Offsite Widget’s Prototype

But with such a tool that encourages social action, does Mic risk compromising its objectivity and slipping into advocacy? “Objectivity has been debated for years”, replied Cory Haik, Mic’s chief strategy officer, in an interview with Poynter. “It’s a subjective conversation. I think you could go to the ivory towers of journalism and talk to the most respectable journalism schools, and what you’ll get inside that world is people saying, ‘I’m not sure that you can be entirely objective. I’m not sure it’s possible.” According to the director of the MIT Center for Civic Media Ethan Zuckerman, “We’re all already doing advocacy journalism”. Making news judgement about which events to cover, which topic to put forward is advocacy journalism. In a world where attention is scarce, stating that an issue is worth a readership’s attention is already political act.

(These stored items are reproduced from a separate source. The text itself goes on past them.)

(* Let $0<\alpha<1$ and let $p:\mathbb{R}\to\mathbb{R}$ be Lipschitz-continuous with $p_2\le p(t)\le p_1<0$ for all $t\in\mathbb{R}$, for some constants $p_2\le p_1<0$. For every $n\in\mathbb{N}$ there exists $\gamma_n>0$ such that, for all real $t_0$ and $v_0>\gamma_n$, the unique bouncing solution $u$ of $\ddot u-\frac{1}{u^\alpha}=p(t)$ with $u(t_0)=0$ and $\dot u(t_0^+)=v_0$, continued forward in time by reflecting the velocity at each collision, has at least $n$ impacts (zeros) with the singularity $u=0$ after $t_0$.
   Context: Let $\eta=((\alpha-1)p_1)^{-1/\alpha}$. For any $s$ and any $w>\sqrt{2(p_1-p_2)\eta}$ there is a unique maximal solution of the equation on an interval $(s,s')$, $s'<\infty$, with $u(t)\to0$ as $t\to s^+$ and $t\to s'^-$, $\dot u(s^+)=w$ and finite $\dot u(s'^-)<0$. A bouncing solution is a continuous function $u\ge0$ such that its zero set $Z$ is discrete, $u$ is $C^2$ and solves the equation on each open interval disjoint from $Z$, and at each $t_*\in Z$ the one-sided limits $\dot u(t_*^\pm)$ exist with $\dot u(t_*^+)=-\dot u(t_*^-)$ (elastic collision). The forward continuation from $(t_0,v_0)$ concatenates such maximal solutions, restarting at each collision time $t_*$ with velocity $-\dot u(t_*^-)$, as long as this velocity exceeds $\sqrt{2(p_1-p_2)\eta}$. *)

theory Defs
  imports "HOL-Analysis.Analysis"
begin

definition eta :: "real \<Rightarrow> real \<Rightarrow> real" where
  "eta \<alpha> p1 = ((\<alpha> - 1) * p1) powr (- 1 / \<alpha>)"

definition vel_threshold :: "real \<Rightarrow> real \<Rightarrow> real \<Rightarrow> real" where
  "vel_threshold \<alpha> p1 p2 = sqrt (2 * (p1 - p2) * eta \<alpha> p1)"

definition solves_on :: "real \<Rightarrow> (real \<Rightarrow> real) \<Rightarrow> (real \<Rightarrow> real) \<Rightarrow> (real \<Rightarrow> real) \<Rightarrow> real \<Rightarrow> real \<Rightarrow> bool" where
  "solves_on \<alpha> p u du a b \<longleftrightarrow>
     (\<forall>s\<in>{a<..<b}. u s > 0 \<and> (u has_real_derivative du s) (at s) \<and>
        (du has_real_derivative (p s + 1 / (u s powr \<alpha>))) (at s))"

text \<open>The forward continuation (bouncing solution) starting at time t0 with u(t0) = 0,
  du(t0+) = v0, performs (at least) n impacts: there are collision times
  t0 = t 0 < t 1 < ... < t n, on each (t k, t (k+1)) u is a positive solution,
  u vanishes at each t k, the one-sided velocity limits exist, the impacts are
  elastic, and each restart velocity exceeds the threshold (so that the
  continuation goes on).\<close>
definition bounces_n_times ::
  "real \<Rightarrow> real \<Rightarrow> real \<Rightarrow> (real \<Rightarrow> real) \<Rightarrow> real \<Rightarrow> real \<Rightarrow> nat
    \<Rightarrow> (real \<Rightarrow> real) \<Rightarrow> (real \<Rightarrow> real) \<Rightarrow> (nat \<Rightarrow> real) \<Rightarrow> bool" where
  "bounces_n_times \<alpha> p1 p2 p t0 v0 n u du t \<longleftrightarrow>
     t 0 = t0 \<and>
     (\<forall>k<n. t k < t (Suc k)) \<and>
     continuous_on {t 0..t n} u \<and>
     (\<forall>k\<le>n. u (t k) = 0) \<and>
     (\<forall>k<n. solves_on \<alpha> p u du (t k) (t (Suc k))) \<and>
     (du \<longlongrightarrow> v0) (at_right (t 0)) \<and>
     (\<forall>k\<in>{1..n}. \<exists>w. w < 0 \<and> (du \<longlongrightarrow> w) (at_left (t k)) \<and>
        (k < n \<longrightarrow> (du \<longlongrightarrow> - w) (at_right (t k)) \<and> - w > vel_threshold \<alpha> p1 p2))"

end

theory Submission
  imports Defs
begin

text \<open>Write \<open>u = z powr k\<close> with \<open>k = 3 / (1 - \<alpha>)\<close> and change time by \<open>dt = z powr (k - 1) d\<tau>\<close>.
  With \<open>w = u'\<close> the singular equation becomes a regular autonomous system in \<open>(t, z, w)\<close> which,
  after clamping \<open>z\<close>, is globally Lipschitz, so Picard iteration solves it; changing time back
  turns the arc of such an orbit between two zeros of \<open>z\<close> into a flight.

  For a take-off speed \<open>v\<close>, the energy \<open>w\<^sup>2 / 2 - z\<^sup>3 / (1 - \<alpha>) - p2 z powr k\<close> does not
  decrease on the way up, so the apex satisfies \<open>-p2 z powr k \<ge> v\<^sup>2 / 2\<close>; the energy with \<open>p1\<close> in
  place of \<open>p2\<close> does not decrease on the way down, so the flight lands with speed at least
  \<open>v sqrt (p1 / p2) / 2\<close>. Landing speeds are therefore as large as we like once \<open>v\<close> is large, and
  \<open>n\<close> impacts follow by induction: the threshold for \<open>n + 1\<close> impacts is a take-off speed whose
  flight lands faster than both the threshold for \<open>n\<close> impacts and the restart threshold.\<close>

section \<open>Global solutions of Lipschitz autonomous equations\<close>

fun picard_iter :: "('a::banach \<Rightarrow> 'a) \<Rightarrow> 'a \<Rightarrow> nat \<Rightarrow> real \<Rightarrow> 'a" where
  "picard_iter F x0 0 s = x0"
| "picard_iter F x0 (Suc n) s = x0 + integral {0..s} (\<lambda>r. F (picard_iter F x0 n r))"

lemma has_integral_power_div_fact:
  fixes B L s :: real
  assumes "0 \<le> s"
  shows "((\<lambda>r. L * (B * (L * r) ^ n / fact n)) has_integral B * (L * s) ^ Suc n / fact (Suc n)) {0..s}"
proof -
  have "((\<lambda>r. L * (B * (L * r) ^ n / fact n)) has_integral
      B * (L * s) ^ Suc n / fact (Suc n) - B * (L * 0) ^ Suc n / fact (Suc n)) {0..s}"
  proof (rule fundamental_theorem_of_calculus[OF assms])
    fix r :: real
    define C where "C = B * L ^ Suc n / fact (Suc n)"
    have "((\<lambda>r. C * r ^ Suc n) has_real_derivative C * (real (Suc n) * r ^ n)) (at r within {0..s})"
      using DERIV_pow[of "Suc n" r] by (intro DERIV_cmult) simp
    moreover have "(\<lambda>r. C * r ^ Suc n) = (\<lambda>r. B * (L * r) ^ Suc n / fact (Suc n))"
      by (auto simp: C_def power_mult_distrib)
    moreover have "C * (real (Suc n) * r ^ n) = L * (B * (L * r) ^ n / fact n)"
      by (simp add: C_def power_mult_distrib del: of_nat_Suc)
    ultimately show "((\<lambda>r. B * (L * r) ^ Suc n / fact (Suc n)) has_vector_derivative
        L * (B * (L * r) ^ n / fact n)) (at r within {0..s})"
      by (simp add: has_real_derivative_iff_has_vector_derivative)
  qed
  then show ?thesis by simp
qed

locale picard =
  fixes F :: "'a::banach \<Rightarrow> 'a" and x0 :: 'a and L :: real
  assumes lipschitz: "L-lipschitz_on UNIV F"
begin

lemma L_nonneg: "0 \<le> L"
  using lipschitz by (rule lipschitz_on_nonneg)

lemma norm_F_diff_le: "norm (F x - F y) \<le> L * norm (x - y)"
  using lipschitz by (rule lipschitz_on_normD) auto

lemma continuous_on_F: "continuous_on A F"
  using lipschitz_on_continuous_on[OF lipschitz] continuous_on_subset by blast

lemma continuous_on_picard_iter: "continuous_on {0..S} (picard_iter F x0 n)"
proof (induction n)
  case (Suc n)
  have "continuous_on {0..S} (\<lambda>r. F (picard_iter F x0 n r))"
    by (rule continuous_on_compose2[OF continuous_on_F Suc]) auto
  then show ?case
    by (simp only: picard_iter.simps)
       (intro continuous_on_add continuous_on_const indefinite_integral_continuous_1 integrable_continuous_real)
qed simp

lemma picard_iter_integrable: "(\<lambda>r. F (picard_iter F x0 n r)) integrable_on {0..s}"
  by (intro integrable_continuous_real continuous_on_compose2[OF continuous_on_F continuous_on_picard_iter]) auto

lemma norm_picard_iter_step_le:
  assumes "s \<in> {0..S}"
  shows "norm (picard_iter F x0 (Suc n) s - picard_iter F x0 n s) \<le> S * norm (F x0) * (L * s) ^ n / fact n"
  using assms
proof (induction n arbitrary: s)
  case 0
  then show ?case by (simp add: mult_right_mono)
next
  case (Suc n)
  define B where "B = S * norm (F x0)"
  have s: "0 \<le> s"
    using Suc.prems by simp
  have "picard_iter F x0 (Suc (Suc n)) s - picard_iter F x0 (Suc n) s
      = integral {0..s} (\<lambda>r. F (picard_iter F x0 (Suc n) r) - F (picard_iter F x0 n r))"
    by (simp add: integral_diff picard_iter_integrable del: picard_iter.simps(2)) simp
  also have "norm \<dots> \<le> integral {0..s} (\<lambda>r. L * (B * (L * r) ^ n / fact n))"
  proof (rule integral_norm_bound_integral)
    show "(\<lambda>r. F (picard_iter F x0 (Suc n) r) - F (picard_iter F x0 n r)) integrable_on {0..s}"
      by (intro integrable_diff picard_iter_integrable)
    show "(\<lambda>r. L * (B * (L * r) ^ n / fact n)) integrable_on {0..s}"
      using has_integral_power_div_fact[OF s] by (rule has_integral_integrable)
    fix r assume r: "r \<in> {0..s}"
    have "norm (F (picard_iter F x0 (Suc n) r) - F (picard_iter F x0 n r))
        \<le> L * norm (picard_iter F x0 (Suc n) r - picard_iter F x0 n r)"
      by (rule norm_F_diff_le)
    also have "\<dots> \<le> L * (B * (L * r) ^ n / fact n)"
      using Suc r L_nonneg by (intro mult_left_mono) (auto simp: B_def)
    finally show "norm (F (picard_iter F x0 (Suc n) r) - F (picard_iter F x0 n r)) \<le> L * (B * (L * r) ^ n / fact n)" .
  qed
  also have "\<dots> = B * (L * s) ^ Suc n / fact (Suc n)"
    using has_integral_power_div_fact[OF s] by (rule integral_unique)
  finally show ?case by (simp add: B_def)
qed

lemma uniformly_convergent_picard_iter:
  assumes "0 \<le> S"
  shows "uniformly_convergent_on {0..S} (picard_iter F x0)"
proof -
  define M where "M i = S * norm (F x0) * (L * S) ^ i / fact i" for i
  have "summable (\<lambda>i. S * norm (F x0) * (inverse (fact i) * (L * S) ^ i))"
    by (intro summable_mult summable_exp)
  moreover have "(\<lambda>i. S * norm (F x0) * (inverse (fact i) * (L * S) ^ i)) = M"
    by (auto simp: M_def divide_inverse)
  ultimately have "summable M"
    by simp
  then have "uniformly_convergent_on {0..S}
      (\<lambda>n s. \<Sum>i<n. picard_iter F x0 (Suc i) s - picard_iter F x0 i s)"
  proof (rule Weierstrass_m_test'[rotated])
    fix i s assume s: "s \<in> {0..S}"
    have "norm (picard_iter F x0 (Suc i) s - picard_iter F x0 i s) \<le> S * norm (F x0) * (L * s) ^ i / fact i"
      using norm_picard_iter_step_le[OF s] .
    also have "\<dots> \<le> M i"
      unfolding M_def using s assms L_nonneg
      by (intro divide_right_mono mult_left_mono power_mono) auto
    finally show "norm (picard_iter F x0 (Suc i) s - picard_iter F x0 i s) \<le> M i" .
  qed
  then obtain l where "uniform_limit {0..S}
      (\<lambda>n s. \<Sum>i<n. picard_iter F x0 (Suc i) s - picard_iter F x0 i s) l sequentially"
    unfolding uniformly_convergent_on_def by blast
  then have "uniform_limit {0..S}
      (\<lambda>n s. x0 + (\<Sum>i<n. picard_iter F x0 (Suc i) s - picard_iter F x0 i s)) (\<lambda>s. x0 + l s) sequentially"
    by (intro uniform_limit_add uniform_limit_const)
  moreover have "(\<lambda>n s. x0 + (\<Sum>i<n. picard_iter F x0 (Suc i) s - picard_iter F x0 i s)) = picard_iter F x0"
    by (auto simp: sum_lessThan_telescope[of "\<lambda>i. picard_iter F x0 i _"] simp del: picard_iter.simps(2))
  ultimately show ?thesis
    unfolding uniformly_convergent_on_def by auto
qed

definition "picard_limit s = lim (\<lambda>n. picard_iter F x0 n s)"

lemma uniform_limit_picard_iter:
  "0 \<le> S \<Longrightarrow> uniform_limit {0..S} (picard_iter F x0) picard_limit sequentially"
  using uniformly_convergent_picard_iter
  by (simp add: uniformly_convergent_uniform_limit_iff picard_limit_def[abs_def])

lemma continuous_on_picard_limit: "continuous_on {0..S} picard_limit"
proof (cases "0 \<le> S")
  case True
  show ?thesis
    by (rule uniform_limit_theorem[OF always_eventually uniform_limit_picard_iter[OF True]])
       (auto intro: continuous_on_picard_iter)
qed simp

lemma picard_iter_tendsto: "0 \<le> s \<Longrightarrow> (\<lambda>n. picard_iter F x0 n s) \<longlonglongrightarrow> picard_limit s"
  by (rule tendsto_uniform_limitI[OF uniform_limit_picard_iter]) auto

lemma picard_limit_0: "picard_limit 0 = x0"
proof -
  have "picard_iter F x0 n 0 = x0" for n
    by (cases n) auto
  then show ?thesis
    using picard_iter_tendsto[of 0] by (simp add: LIMSEQ_const_iff)
qed

lemma picard_limit_eq_integral:
  assumes s: "0 \<le> s"
  shows "picard_limit s = x0 + integral {0..s} (\<lambda>r. F (picard_limit r))"
proof -
  have "uniform_limit {0..s} (\<lambda>n r. F (picard_iter F x0 n r)) (\<lambda>r. F (picard_limit r)) sequentially"
  proof (rule uniform_limitI)
    fix e :: real assume "0 < e"
    then have "0 < e / (L + 1)" using L_nonneg by simp
    with uniform_limit_picard_iter[OF s]
    show "\<forall>\<^sub>F n in sequentially. \<forall>r\<in>{0..s}. dist (F (picard_iter F x0 n r)) (F (picard_limit r)) < e"
    proof (rule uniform_limitD[THEN eventually_mono], intro ballI)
      fix n r assume "\<forall>r\<in>{0..s}. dist (picard_iter F x0 n r) (picard_limit r) < e / (L + 1)" "r \<in> {0..s}"
      then have "L * dist (picard_iter F x0 n r) (picard_limit r) \<le> L * (e / (L + 1))"
        using L_nonneg by (intro mult_left_mono) (auto intro: less_imp_le)
      also have "\<dots> < e" using \<open>0 < e\<close> L_nonneg by (simp add: field_simps)
      finally show "dist (F (picard_iter F x0 n r)) (F (picard_limit r)) < e"
        using norm_F_diff_le[of "picard_iter F x0 n r" "picard_limit r"] by (simp add: dist_norm)
    qed
  qed
  then obtain I J where I: "\<And>n. ((\<lambda>r. F (picard_iter F x0 n r)) has_integral I n) {0..s}"
    and J: "((\<lambda>r. F (picard_limit r)) has_integral J) {0..s}" and "I \<longlonglongrightarrow> J"
    by (rule uniform_limit_integral)
       (auto intro: continuous_on_compose2[OF continuous_on_F continuous_on_picard_iter])
  then have "(\<lambda>n. picard_iter F x0 (Suc n) s) \<longlonglongrightarrow> x0 + J"
    using integral_unique[OF I] by (simp add: tendsto_add)
  moreover have "(\<lambda>n. picard_iter F x0 (Suc n) s) \<longlonglongrightarrow> picard_limit s"
    using picard_iter_tendsto[OF s] by (rule LIMSEQ_Suc)
  ultimately have "picard_limit s = x0 + J"
    using LIMSEQ_unique by blast
  then show ?thesis
    using J by (simp add: integral_unique)
qed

Zuckerman adds that advocacy journalism is the best way to react to how the the model of citizenship has changed in recent years. Young people want to have an impact but find it hard to believe that they can make change through the traditional political institutions. They have a more personal, decentralised and pointillist approach to involvement. They sign petitions, crowdfund or demonstrate about single issues rather than get involved in large political parties and groups. News organisations need to facilitate this new type of citizenship. Otherwise they risk not only losing millennials as news consumers but also diminishing their role in the civic dialogue.

Offsite’s easy interface for the journalists

Offsite will officially launch next month. Its ability to drive positive change will depend on how carefully Mic selects the initiatives it will promote and how scrupulously it will involve the sponsors monetising Offsite. GEN will keep you posted on this progress.